Segment Start: Entries supplied
(* Let $(A,\cdot)$ be a commutative associative algebra, $\circ:A\otimes A\to A$ a bilinear operation, and define $x\star y=x\circ y-2y\circ x$. Then the identities $$2(x\circ y)\cdot z-2(y\circ x)\cdot z=y\cdot(x\circ z)-x\cdot(y\circ z),\qquad 2x\circ(y\cdot z)=(z\cdot x)\circ y+z\cdot(x\circ y)\quad(\forall x,y,z\in A)$$ hold if and only if the identities $$(x\cdot y)\star z=x\cdot(y\star z),\qquad (x\star y)\cdot z-(y\star x)\cdot z=x\star(y\cdot z)-y\star(x\cdot z)\quad(\forall x,y,z\in A)$$ hold. In particular, $(A,\cdot,\circ)$ is an admissible Novikov-Poisson algebra if and only if $(A,\cdot,\star)$ is a Novikov-Poisson algebra.
   Context: All vector spaces are finite-dimensional over a field $\mathbb F$ of characteristic $0$. For a bilinear operation $\circ$ write $[x,y]=x\circ y-y\circ x$. An anti-pre-Lie algebra is $(A,\circ)$ with $x\circ(y\circ z)-y\circ(x\circ z)=[y,x]\circ z$ and $[x,y]\circ z+[y,z]\circ x+[z,x]\circ y=0$; an admissible Novikov algebra is $(A,\circ)$ with $x\circ(y\circ z)-y\circ(x\circ z)=[y,x]\circ z$ and $2x\circ[y,z]=(x\circ y)\circ z-(x\circ z)\circ y$ (it is automatically anti-pre-Lie). An anti-pre-Lie Poisson algebra is $(A,\cdot,\circ)$ with $(A,\cdot)$ commutative associative, $(A,\circ)$ anti-pre-Lie, satisfying the first pair of identities in the claim; it is an admissible Novikov-Poisson algebra if moreover $(A,\circ)$ is admissible Novikov. A Novikov algebra is $(A,\star)$ with $(x\star y)\star z-x\star(y\star z)=(y\star x)\star z-y\star(x\star z)$ and $(x\star y)\star z=(x\star z)\star y$. A Novikov-Poisson algebra is $(A,\cdot,\star)$ with $(A,\cdot)$ commutative associative, $(A,\star)$ Novikov, satisfying the second pair of identities in the claim. *)

theory Defs
  imports Complex_Main
begin

definition bilinear_op :: "('k::field \<Rightarrow> 'a::ab_group_add \<Rightarrow> 'a) \<Rightarrow> ('a \<Rightarrow> 'a \<Rightarrow> 'a) \<Rightarrow> bool" where
  "bilinear_op scale f \<longleftrightarrow>
     (\<forall>x y z. f (x + y) z = f x z + f y z) \<and>
     (\<forall>x y z. f x (y + z) = f x y + f x z) \<and>
     (\<forall>c x y. f (scale c x) y = scale c (f x y)) \<and>
     (\<forall>c x y. f x (scale c y) = scale c (f x y))"

definition finite_dim_space :: "('k::field \<Rightarrow> 'a::ab_group_add \<Rightarrow> 'a) \<Rightarrow> bool" where
  "finite_dim_space scale \<longleftrightarrow> (\<exists>B. finite_dimensional_vector_space scale B)"

definition comm_assoc_op :: "('a \<Rightarrow> 'a \<Rightarrow> 'a) \<Rightarrow> bool" where
  "comm_assoc_op m \<longleftrightarrow> (\<forall>x y. m x y = m y x) \<and> (\<forall>x y z. m (m x y) z = m x (m y z))"

definition commut :: "('a::ab_group_add \<Rightarrow> 'a \<Rightarrow> 'a) \<Rightarrow> 'a \<Rightarrow> 'a \<Rightarrow> 'a" where
  "commut c x y = c x y - c y x"

definition anti_pre_Lie :: "('a::ab_group_add \<Rightarrow> 'a \<Rightarrow> 'a) \<Rightarrow> bool" where
  "anti_pre_Lie c \<longleftrightarrow>
     (\<forall>x y z. c x (c y z) - c y (c x z) = c (commut c y x) z) \<and>
     (\<forall>x y z. c (commut c x y) z + c (commut c y z) x + c (commut c z x) y = 0)"

definition admissible_Novikov :: "('k::field \<Rightarrow> 'a::ab_group_add \<Rightarrow> 'a) \<Rightarrow> ('a \<Rightarrow> 'a \<Rightarrow> 'a) \<Rightarrow> bool" where
  "admissible_Novikov scale c \<longleftrightarrow>
     (\<forall>x y z. c x (c y z) - c y (c x z) = c (commut c y x) z) \<and>
     (\<forall>x y z. scale 2 (c x (commut c y z)) = c (c x y) z - c (c x z) y)"

definition APLP_identities :: "('k::field \<Rightarrow> 'a::ab_group_add \<Rightarrow> 'a) \<Rightarrow> ('a \<Rightarrow> 'a \<Rightarrow> 'a) \<Rightarrow> ('a \<Rightarrow> 'a \<Rightarrow> 'a) \<Rightarrow> bool" where
  "APLP_identities scale m c \<longleftrightarrow>
     (\<forall>x y z. scale 2 (m (c x y) z) - scale 2 (m (c y x) z) = m y (c x z) - m x (c y z)) \<and>
     (\<forall>x y z. scale 2 (c x (m y z)) = c (m z x) y + m z (c x y))"

definition NP_identities :: "('a::ab_group_add \<Rightarrow> 'a \<Rightarrow> 'a) \<Rightarrow> ('a \<Rightarrow> 'a \<Rightarrow> 'a) \<Rightarrow> bool" where
  "NP_identities m s \<longleftrightarrow>
     (\<forall>x y z. s (m x y) z = m x (s y z)) \<and>
     (\<forall>x y z. m (s x y) z - m (s y x) z = s x (m y z) - s y (m x z))"

definition anti_pre_Lie_Poisson :: "('k::field \<Rightarrow> 'a::ab_group_add \<Rightarrow> 'a) \<Rightarrow> ('a \<Rightarrow> 'a \<Rightarrow> 'a) \<Rightarrow> ('a \<Rightarrow> 'a \<Rightarrow> 'a) \<Rightarrow> bool" where
  "anti_pre_Lie_Poisson scale m c \<longleftrightarrow>
     comm_assoc_op m \<and> anti_pre_Lie c \<and> APLP_identities scale m c"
Segment End: Entries supplied
_What you will do_.
Reproduce the preceding entries exactly and completely.

_Answer to this problem_.
(* Let $(A,\cdot)$ be a commutative associative algebra, $\circ:A\otimes A\to A$ a bilinear operation, and define $x\star y=x\circ y-2y\circ x$. Then the identities $$2(x\circ y)\cdot z-2(y\circ x)\cdot z=y\cdot(x\circ z)-x\cdot(y\circ z),\qquad 2x\circ(y\cdot z)=(z\cdot x)\circ y+z\cdot(x\circ y)\quad(\forall x,y,z\in A)$$ hold if and only if the identities $$(x\cdot y)\star z=x\cdot(y\star z),\qquad (x\star y)\cdot z-(y\star x)\cdot z=x\star(y\cdot z)-y\star(x\cdot z)\quad(\forall x,y,z\in A)$$ hold. In particular, $(A,\cdot,\circ)$ is an admissible Novikov-Poisson algebra if and only if $(A,\cdot,\star)$ is a Novikov-Poisson algebra.
   Context: All vector spaces are finite-dimensional over a field $\mathbb F$ of characteristic $0$. For a bilinear operation $\circ$ write $[x,y]=x\circ y-y\circ x$. An anti-pre-Lie algebra is $(A,\circ)$ with $x\circ(y\circ z)-y\circ(x\circ z)=[y,x]\circ z$ and $[x,y]\circ z+[y,z]\circ x+[z,x]\circ y=0$; an admissible Novikov algebra is $(A,\circ)$ with $x\circ(y\circ z)-y\circ(x\circ z)=[y,x]\circ z$ and $2x\circ[y,z]=(x\circ y)\circ z-(x\circ z)\circ y$ (it is automatically anti-pre-Lie). An anti-pre-Lie Poisson algebra is $(A,\cdot,\circ)$ with $(A,\cdot)$ commutative associative, $(A,\circ)$ anti-pre-Lie, satisfying the first pair of identities in the claim; it is an admissible Novikov-Poisson algebra if moreover $(A,\circ)$ is admissible Novikov. A Novikov algebra is $(A,\star)$ with $(x\star y)\star z-x\star(y\star z)=(y\star x)\star z-y\star(x\star z)$ and $(x\star y)\star z=(x\star z)\star y$. A Novikov-Poisson algebra is $(A,\cdot,\star)$ with $(A,\cdot)$ commutative associative, $(A,\star)$ Novikov, satisfying the second pair of identities in the claim. *)

theory Defs
  imports Complex_Main
begin

definition bilinear_op :: "('k::field \<Rightarrow> 'a::ab_group_add \<Rightarrow> 'a) \<Rightarrow> ('a \<Rightarrow> 'a \<Rightarrow> 'a) \<Rightarrow> bool" where
  "bilinear_op scale f \<longleftrightarrow>
     (\<forall>x y z. f (x + y) z = f x z + f y z) \<and>
     (\<forall>x y z. f x (y + z) = f x y + f x z) \<and>
     (\<forall>c x y. f (scale c x) y = scale c (f x y)) \<and>
     (\<forall>c x y. f x (scale c y) = scale c (f x y))"

definition finite_dim_space :: "('k::field \<Rightarrow> 'a::ab_group_add \<Rightarrow> 'a) \<Rightarrow> bool" where
  "finite_dim_space scale \<longleftrightarrow> (\<exists>B. finite_dimensional_vector_space scale B)"

definition comm_assoc_op :: "('a \<Rightarrow> 'a \<Rightarrow> 'a) \<Rightarrow> bool" where
  "comm_assoc_op m \<longleftrightarrow> (\<forall>x y. m x y = m y x) \<and> (\<forall>x y z. m (m x y) z = m x (m y z))"

definition commut :: "('a::ab_group_add \<Rightarrow> 'a \<Rightarrow> 'a) \<Rightarrow> 'a \<Rightarrow> 'a \<Rightarrow> 'a" where
  "commut c x y = c x y - c y x"

definition anti_pre_Lie :: "('a::ab_group_add \<Rightarrow> 'a \<Rightarrow> 'a) \<Rightarrow> bool" where
  "anti_pre_Lie c \<longleftrightarrow>
     (\<forall>x y z. c x (c y z) - c y (c x z) = c (commut c y x) z) \<and>
     (\<forall>x y z. c (commut c x y) z + c (commut c y z) x + c (commut c z x) y = 0)"

definition admissible_Novikov :: "('k::field \<Rightarrow> 'a::ab_group_add \<Rightarrow> 'a) \<Rightarrow> ('a \<Rightarrow> 'a \<Rightarrow> 'a) \<Rightarrow> bool" where
  "admissible_Novikov scale c \<longleftrightarrow>
     (\<forall>x y z. c x (c y z) - c y (c x z) = c (commut c y x) z) \<and>
     (\<forall>x y z. scale 2 (c x (commut c y z)) = c (c x y) z - c (c x z) y)"

definition APLP_identities :: "('k::field \<Rightarrow> 'a::ab_group_add \<Rightarrow> 'a) \<Rightarrow> ('a \<Rightarrow> 'a \<Rightarrow> 'a) \<Rightarrow> ('a \<Rightarrow> 'a \<Rightarrow> 'a) \<Rightarrow> bool" where
  "APLP_identities scale m c \<longleftrightarrow>
     (\<forall>x y z. scale 2 (m (c x y) z) - scale 2 (m (c y x) z) = m y (c x z) - m x (c y z)) \<and>
     (\<forall>x y z. scale 2 (c x (m y z)) = c (m z x) y + m z (c x y))"

definition NP_identities :: "('a::ab_group_add \<Rightarrow> 'a \<Rightarrow> 'a) \<Rightarrow> ('a \<Rightarrow> 'a \<Rightarrow> 'a) \<Rightarrow> bool" where
  "NP_identities m s \<longleftrightarrow>
     (\<forall>x y z. s (m x y) z = m x (s y z)) \<and>
     (\<forall>x y z. m (s x y) z - m (s y x) z = s x (m y z) - s y (m x z))"

definition anti_pre_Lie_Poisson :: "('k::field \<Rightarrow> 'a::ab_group_add \<Rightarrow> 'a) \<Rightarrow> ('a \<Rightarrow> 'a \<Rightarrow> 'a) \<Rightarrow> ('a \<Rightarrow> 'a \<Rightarrow> 'a) \<Rightarrow> bool" where
  "anti_pre_Lie_Poisson scale m c \<longleftrightarrow>
     comm_assoc_op m \<and> anti_pre_Lie c \<and> APLP_identities scale m c"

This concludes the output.